Archive for May, 2010

Architecture View of a Software Program

Thursday, May 27th, 2010

Michael Feather’s “Working Effectively With Legacy Code” describes architecture as a simplification of how software actually works. Details and inconsistencies are glossed over, but the gist of the software is the focus.

As such, it highlights the most important pieces of the software.

What if we could visualize the most important pieces? A simplified UML structure diagram or sequence diagram would be sufficient, and that’s probably what a lot of projects do. But what if we could go further?

The architecture description is hierarchical. You start by describing the central piece and then add the details and exceptions later. Could we make a semantic zooming view of software architecture, so that the most important parts were at the highest zoom level and more details become apparent, finally showing the actual code?

The question of course, would be how to do this without adding too much additional overhead to describing the software itself.

In Search of Serendipity

Saturday, May 22nd, 2010

One of m goals over this summer, and in life in general, is to increase my exposure to serendipity. To do this, I’m going to do a couple of things:

  • Keep an open mind and find joy and excitement in novelty
  • Try to meet and talk to strangers more

The second part is the most difficult to me. I can easily talk to strangers if I don’t know anyone at party, but I have difficulty talking to strangers in the grocery store, or whatever.

The conventional wisdom is basically “Just do it”, which may work. But I’ll have to keep track of it.

I can easily to up and talk to strangers if I have some extrinsic motivation — a dare, or proving a point to someone, the issue is doing it without the extrinsic motivation.
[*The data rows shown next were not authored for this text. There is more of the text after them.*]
(* For $p\in\mathbb{R}$, the function $h_p(x)=(1-x)^pK(x)$ is log-concave on $(0,1)$ if and only if $p\ge 7/32$, and log-convex on $(0,1)$ if and only if $p\le 0$.
   Context: $K(x)={\cal K}(\sqrt x)=\frac\pi2\,{}_2F_1(1/2,1/2;1;x)$ for $x\in[0,1)$, where ${\cal K}(r)=\int_0^{\pi/2}(1-r^2\sin^2t)^{-1/2}dt$ is the complete elliptic integral of the first kind. *)

theory Defs
  imports "HOL-Analysis.Analysis"
begin

definition ellK :: "real \<Rightarrow> real" where
  "ellK r = integral {0..pi/2} (\<lambda>t. 1 / sqrt (1 - r\<^sup>2 * (sin t)\<^sup>2))"

definition K :: "real \<Rightarrow> real" where
  "K x = ellK (sqrt x)"

definition h :: "real \<Rightarrow> real \<Rightarrow> real" where
  "h p x = (1 - x) powr p * K x"

definition log_concave_on :: "real set \<Rightarrow> (real \<Rightarrow> real) \<Rightarrow> bool" where
  "log_concave_on S f \<longleftrightarrow> (\<forall>x\<in>S. f x > 0) \<and> concave_on S (\<lambda>x. ln (f x))"

definition log_convex_on :: "real set \<Rightarrow> (real \<Rightarrow> real) \<Rightarrow> bool" where
  "log_convex_on S f \<longleftrightarrow> (\<forall>x\<in>S. f x > 0) \<and> convex_on S (\<lambda>x. ln (f x))"

end

theory Submission
  imports Defs "HOL-Real_Asymp.Real_Asymp"
begin

text \<open>
  Write M_k(x) for the integral over [0, pi/2] of sin^(2k) t / sqrt (1 - x sin^2 t), so that K = M_0.
  Differentiating under the integral sign gives (ln h_p)'' = (Phi - p) / (1 - x)^2 with
  Phi = (1 - x)^2 (ln K)'', and two integrations by parts turn Phi K^2 into
  3/4 M_0 (M_0 - 2 M_1 + M_2) - 1/4 (M_0 - M_1)^2.
  Cauchy-Schwarz gives Phi >= 0. The bound Phi <= 7/32 follows from the three-term recurrence
  between consecutive M_k together with the positivity of the moments of y (y - 1/2)^2 and
  y (1 - y) (y - 1/2)^2, where y = sin^2 t. Both bounds are sharp: Phi(0) = 7/32, and
  Phi <= 3 pi / (8 K) tends to 0 as x -> 1, since K grows like - ln (1 - x) / 2.
\<close>

lemma convex_on_open_interval_iff_deriv2_nonneg:
  fixes f f' f'' :: "real \<Rightarrow> real"
  assumes f': "\<And>x. x \<in> {a<..<b} \<Longrightarrow> (f has_real_derivative f' x) (at x)"
    and f'': "\<And>x. x \<in> {a<..<b} \<Longrightarrow> (f' has_real_derivative f'' x) (at x)"
  shows "convex_on {a<..<b} f \<longleftrightarrow> (\<forall>x\<in>{a<..<b}. 0 \<le> f'' x)"
proof
  assume convex: "convex_on {a<..<b} f"
  have tangent: "f' x * (y - x) \<le> f y - f x" if "x \<in> {a<..<b}" "y \<in> {a<..<b}" for x y
    using that by (intro convex_on_imp_above_tangent[OF convex])
      (auto simp: interior_open intro!: has_field_derivative_at_within f')
  show "\<forall>x\<in>{a<..<b}. 0 \<le> f'' x"
  proof (rule ccontr)
    assume "\<not> (\<forall>x\<in>{a<..<b}. 0 \<le> f'' x)"
    then obtain x where x: "x \<in> {a<..<b}" "f'' x < 0" by auto
    obtain d where d: "d > 0" "\<And>h. 0 < h \<Longrightarrow> h < d \<Longrightarrow> f' (x + h) < f' x"
      using DERIV_neg_dec_right[OF f''[OF x(1)] x(2)] by blast
    define h where "h = min (d / 2) ((b - x) / 2)"
    have h: "0 < h" "h < d" "x + h \<in> {a<..<b}"
      using x d by (auto simp: h_def min_def field_simps)
    have "f' x * h \<le> f (x + h) - f x" "f' (x + h) * (- h) \<le> f x - f (x + h)"
      using tangent[OF x(1) h(3)] tangent[OF h(3) x(1)] by simp_all
    moreover have "0 < (f' x - f' (x + h)) * h"
      using d(2)[OF h(1,2)] h(1) by simp
    ultimately show False by (simp add: algebra_simps)
  qed
next
  assume "\<forall>x\<in>{a<..<b}. 0 \<le> f'' x"
  then show "convex_on {a<..<b} f"
    by (intro f''_ge0_imp_convex[of _ _ f' f'']) (auto intro: f' f'')
qed

lemma concave_on_open_interval_iff_deriv2_nonpos:
  fixes f f' f'' :: "real \<Rightarrow> real"
  assumes f': "\<And>x. x \<in> {a<..<b} \<Longrightarrow> (f has_real_derivative f' x) (at x)"
    and f'': "\<And>x. x \<in> {a<..<b} \<Longrightarrow> (f' has_real_derivative f'' x) (at x)"
  shows "concave_on {a<..<b} f \<longleftrightarrow> (\<forall>x\<in>{a<..<b}. f'' x \<le> 0)"
proof -
  have "convex_on {a<..<b} (\<lambda>x. - f x) \<longleftrightarrow> (\<forall>x\<in>{a<..<b}. 0 \<le> - f'' x)"
    by (rule convex_on_open_interval_iff_deriv2_nonneg) (auto intro!: derivative_eq_intros f' f'')
  then show ?thesis
    unfolding concave_on_def by auto
qed

lemma has_integral_eq_antiderivative_diff:
  fixes f g :: "real \<Rightarrow> real"
  assumes "a \<le> b" and "\<And>t. t \<in> {a..b} \<Longrightarrow> (g has_real_derivative f t) (at t)"
    and "(f has_integral I) {a..b}"
  shows "I = g b - g a"
proof -
  have "(f has_integral g b - g a) {a..b}"
    using assms(1,2) by (intro fundamental_theorem_of_calculus)
      (auto simp flip: has_real_derivative_iff_has_vector_derivative intro: has_field_derivative_at_within)
  then show ?thesis
    using assms(3) has_integral_unique by blast
qed

section \<open>Moments of the elliptic integrand\<close>

definition ell_denom :: "real \<Rightarrow> real \<Rightarrow> real" where
  "ell_denom x t = 1 - x * sin t ^ 2"

definition ell_integrand :: "real \<Rightarrow> nat \<Rightarrow> real \<Rightarrow> real \<Rightarrow> real" where
  "ell_integrand a k x t = (sin t ^ 2) ^ k * ell_denom x t powr - a"

definition ell_moment :: "real \<Rightarrow> nat \<Rightarrow> real \<Rightarrow> real" where
  "ell_moment a k x = integral {0..pi/2} (ell_integrand a k x)"

abbreviation K_moment :: "nat \<Rightarrow> real \<Rightarrow> real" where
  "K_moment k \<equiv> ell_moment (1/2) k"

lemma ell_denom_pos: "x < 1 \<Longrightarrow> 0 < ell_denom x t"
proof -
  assume x: "x < 1"
  have "sin t ^ 2 \<le> 1"
    by (simp add: abs_square_le_1)
  then have "x * sin t ^ 2 < 1"
    using x mult_left_le[of "sin t ^ 2" x] mult_nonpos_nonneg[of x "sin t ^ 2"]
    by (cases "0 \<le> x") auto
  then show ?thesis
    by (simp add: ell_denom_def)
qed

lemma ell_denom_has_derivative_t:
  "((\<lambda>t. ell_denom x t) has_real_derivative - (2 * x * sin t * cos t)) (at t)"
  unfolding ell_denom_def by (auto intro!: derivative_eq_intros)

lemma ell_denom_has_derivative_x:
  "((\<lambda>x. ell_denom x t) has_real_derivative - (sin t ^ 2)) (at x)"
  unfolding ell_denom_def by (auto intro!: derivative_eq_intros)

lemma continuous_on_ell_integrand:
  "continuous_on ({..<1} \<times> UNIV) (\<lambda>(x, t). ell_integrand a k x t)"
proof -
  have "continuous_on ({..<1} \<times> UNIV) (\<lambda>z. ell_denom (fst z) (snd z))"
    unfolding ell_denom_def by (intro continuous_intros)
  then show ?thesis
    unfolding ell_integrand_def case_prod_beta
    by (intro continuous_intros) (auto dest: ell_denom_pos[THEN less_imp_neq])
qed

lemma continuous_on_ell_integrand_t:
  assumes "x < 1"
  shows "continuous_on S (ell_integrand a k x)"
  using ell_denom_pos[OF assms] unfolding ell_integrand_def ell_denom_def
  by (intro continuous_intros) (metis less_irrefl)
The other part is where exactly, I should go to meet interesting people. I can keep my eyes open everywhere, but I’d like to maximize the opportunity I have as well.

I’m going to make my goal to do the approach, to even annoy or confuse someone, not to get them to respond positively. I’m quite sure I’m able to do that, I just need to follow through.

Black Swans and Bayesian Belief (part 2)

Friday, May 21st, 2010

To be robust against black swans, you must select subjective priors which has a relatively high probability of rare events. E.g. Mandelbrotian, not Gaussian. Otherwise, your inductive bias will lead you to believe that no rare events are possible.

This does not protect against other types of model error, “true black swans” that exist because your assumptions are wrong, but it reduces the probability of Gray Swans becoming Black Swans.

Pascal’s Wager, Optimal Bayesian Decision and Serendipity

Thursday, May 20th, 2010

Bayesian decision theory basically states that you sum over all possible theories of events, and then multiply the probability of an event times the payoff to determine the optimal action.

The question is, what do you do when you don’t know what the probability of an event is? What do you know if you don’t know what the payoff is?

The answer is in Pascal’s wager, assuming you can determine whether the payoff is bounded or unbounded, (either negative or positive) you base your decision solely on the payoff and not on the probability.

This is of course a heuristic and can be abused by silly people, but it’s still a good general description.

If you are looking for high payoff events that you don’t know when they’ll occur, you have to maximize your serendipity. That’s what I’m trying to focus on more and more in my life, maximizing serendipity.

Cython trees and graphs

Tuesday, May 4th, 2010

I wonder how fast Cython extension types are when it comes to graph like algorithms, e.g. construction and traversing trees and directed graphs.

I’ve seen a lot of examples of how much faster Cython is for stuff that involves arrays and loops, but I really need to experiment and see if I can increase the speed of the trees used for decision trees, for instance.

It’d also be interesting to see the speed compared to a purely static language and python dictionaries.